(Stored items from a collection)

----------

lemma subst_term_support:
  fixes S :: "'n \<Rightarrow> 'g \<times> (int ^ 'n) \<Rightarrow> 'k::field"
  assumes S: "\<And>i. hahn le (S i)" "\<And>i. S i \<noteq> (\<lambda>_. 0)" and "subst_term le \<phi> S k z \<noteq> 0"
  shows "\<exists>g. \<phi> k g \<noteq> 0 \<and> z - fmap le S (g, k) \<in> add_monoid_gen (\<Union>i. tail_supp le (S i))"
proof -
  obtain b where b: "embG (\<phi> k) b \<noteq> 0" "hprod (\<lambda>i. hpow le (S i) (k $ i)) (z - b) \<noteq> 0"
    using hmul_nonzero_imp[OF assms(3)[unfolded subst_term_def]] by blast
  have "z - b - (\<Sum>i\<in>UNIV. zsmult (k $ i) (ord le (S i))) \<in> add_monoid_gen (\<Union>i. tail_supp le (S i))"
  proof (rule hprod_support[OF _ b(2)])
    fix i z assume "hpow le (S i) (k $ i) z \<noteq> 0"
    then have "z - zsmult (k $ i) (ord le (S i)) \<in> add_monoid_gen (tail_supp le (S i))"
      by (rule hpow_support[OF S(1) S(2)])
    moreover have "add_monoid_gen (tail_supp le (S i)) \<subseteq> add_monoid_gen (\<Union>i. tail_supp le (S i))"
      by (rule add_monoid_gen_mono) blast
    ultimately show "z - zsmult (k $ i) (ord le (S i)) \<in> add_monoid_gen (\<Union>i. tail_supp le (S i))"
      by blast
  qed
  moreover have "b = (fst b, 0)" and "\<phi> k (fst b) \<noteq> 0"
    using b(1) by (simp_all add: embG_nonzero_iff prod_eq_iff)
  moreover from this(1) have "fmap le S (fst b, k) = b + (\<Sum>i\<in>UNIV. zsmult (k $ i) (ord le (S i)))"
    by (simp add: fmap_def)
  ultimately show ?thesis by (intro exI[of _ "fst b"]) (simp add: diff_diff_eq)
qed

lemma strictly_converges_subst_term:
  fixes S :: "'n \<Rightarrow> 'g \<times> (int ^ 'n) \<Rightarrow> 'k::field"
  assumes S: "\<And>i. hahn le (S i)" "\<And>i. S i \<noteq> (\<lambda>_. 0)" and inj: "inj (fmap le S)"
    and wo: "wo_on le (fmap le S ` {(g, k). \<phi> k g \<noteq> 0})"
  shows "strictly_converges le (subst_term le \<phi> S)"
proof (rule strictly_convergesI[OF inj_on_subset[OF inj] wo])
  show "wo_on le (add_monoid_gen (\<Union>i. tail_supp le (S i)))"
    using tail_supp_pos[OF S(1)] wo_on_tail_supp[OF S(1)]
    by (intro wo_on_add_monoid_gen wo_on_finite_UN) auto
  show "\<exists>b\<in>{(g, k). \<phi> k g \<noteq> 0}. snd b = k \<and> z - fmap le S b \<in> add_monoid_gen (\<Union>i. tail_supp le (S i))"
    if "subst_term le \<phi> S k z \<noteq> 0" for k z
    using subst_term_support[OF S that] by auto
qed simp
(* Let $\Omega_x,\Omega_y\subset\mathbb{R}$ be bounded domains, $\Omega=\Omega_x\times\Omega_y$, and $f\in L^2(\Omega)$ with $f\neq 0$. Then there exists $(r,s)\in H^1_0(\Omega_x)\times H^1_0(\Omega_y)$ such that $\mathcal{E}(r\otimes s)<0$, where for $u\in H^1_0(\Omega)$, $$\mathcal{E}(u)=\frac12\int_\Omega|\nabla u|^2-\int_\Omega f u.$$
   Context: $(r\otimes s)(x,y)=r(x)s(y)$. *)

theory Defs
  imports "HOL-Analysis.Analysis"
begin

fun Ck :: "nat \<Rightarrow> ('a::real_normed_vector \<Rightarrow> real) \<Rightarrow> bool" where
  "Ck 0 f = continuous_on UNIV f"
| "Ck (Suc k) f = ((\<forall>x. f differentiable (at x)) \<and>
      (\<forall>v. Ck k (\<lambda>x. frechet_derivative f (at x) v)))"

definition smooth :: "('a::real_normed_vector \<Rightarrow> real) \<Rightarrow> bool" where
  "smooth f \<longleftrightarrow> (\<forall>k. Ck k f)"

definition test_fun :: "'a::euclidean_space set \<Rightarrow> ('a \<Rightarrow> real) \<Rightarrow> bool" where
  "test_fun U \<phi> \<longleftrightarrow> smooth \<phi> \<and> compact (closure {x. \<phi> x \<noteq> 0}) \<and> closure {x. \<phi> x \<noteq> 0} \<subseteq> U"

definition grad :: "('a::euclidean_space \<Rightarrow> real) \<Rightarrow> 'a \<Rightarrow> 'a" where
  "grad \<phi> z = (\<Sum>i\<in>Basis. frechet_derivative \<phi> (at z) i *\<^sub>R i)"

definition L2 :: "'a::euclidean_space set \<Rightarrow> ('a \<Rightarrow> real) \<Rightarrow> bool" where
  "L2 U u \<longleftrightarrow> set_borel_measurable lborel U u \<and> set_integrable lborel U (\<lambda>z. (u z)\<^sup>2)"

----------

What to do
Copy out, word for word, the part of the entries above that begins at the line with "b \<in> add_monoid_gen" and ends at the line with "z = (\<Sum>i\<in>Basis.", including both.

Written solution
  show "\<exists>b\<in>{(g, k). \<phi> k g \<noteq> 0}. snd b = k \<and> z - fmap le S b \<in> add_monoid_gen (\<Union>i. tail_supp le (S i))"
    if "subst_term le \<phi> S k z \<noteq> 0" for k z
    using subst_term_support[OF S that] by auto
qed simp
(* Let $\Omega_x,\Omega_y\subset\mathbb{R}$ be bounded domains, $\Omega=\Omega_x\times\Omega_y$, and $f\in L^2(\Omega)$ with $f\neq 0$. Then there exists $(r,s)\in H^1_0(\Omega_x)\times H^1_0(\Omega_y)$ such that $\mathcal{E}(r\otimes s)<0$, where for $u\in H^1_0(\Omega)$, $$\mathcal{E}(u)=\frac12\int_\Omega|\nabla u|^2-\int_\Omega f u.$$
   Context: $(r\otimes s)(x,y)=r(x)s(y)$. *)

theory Defs
  imports "HOL-Analysis.Analysis"
begin

fun Ck :: "nat \<Rightarrow> ('a::real_normed_vector \<Rightarrow> real) \<Rightarrow> bool" where
  "Ck 0 f = continuous_on UNIV f"
| "Ck (Suc k) f = ((\<forall>x. f differentiable (at x)) \<and>
      (\<forall>v. Ck k (\<lambda>x. frechet_derivative f (at x) v)))"

definition smooth :: "('a::real_normed_vector \<Rightarrow> real) \<Rightarrow> bool" where
  "smooth f \<longleftrightarrow> (\<forall>k. Ck k f)"

definition test_fun :: "'a::euclidean_space set \<Rightarrow> ('a \<Rightarrow> real) \<Rightarrow> bool" where
  "test_fun U \<phi> \<longleftrightarrow> smooth \<phi> \<and> compact (closure {x. \<phi> x \<noteq> 0}) \<and> closure {x. \<phi> x \<noteq> 0} \<subseteq> U"

definition grad :: "('a::euclidean_space \<Rightarrow> real) \<Rightarrow> 'a \<Rightarrow> 'a" where
  "grad \<phi> z = (\<Sum>i\<in>Basis. frechet_derivative \<phi> (at z) i *\<^sub>R i)"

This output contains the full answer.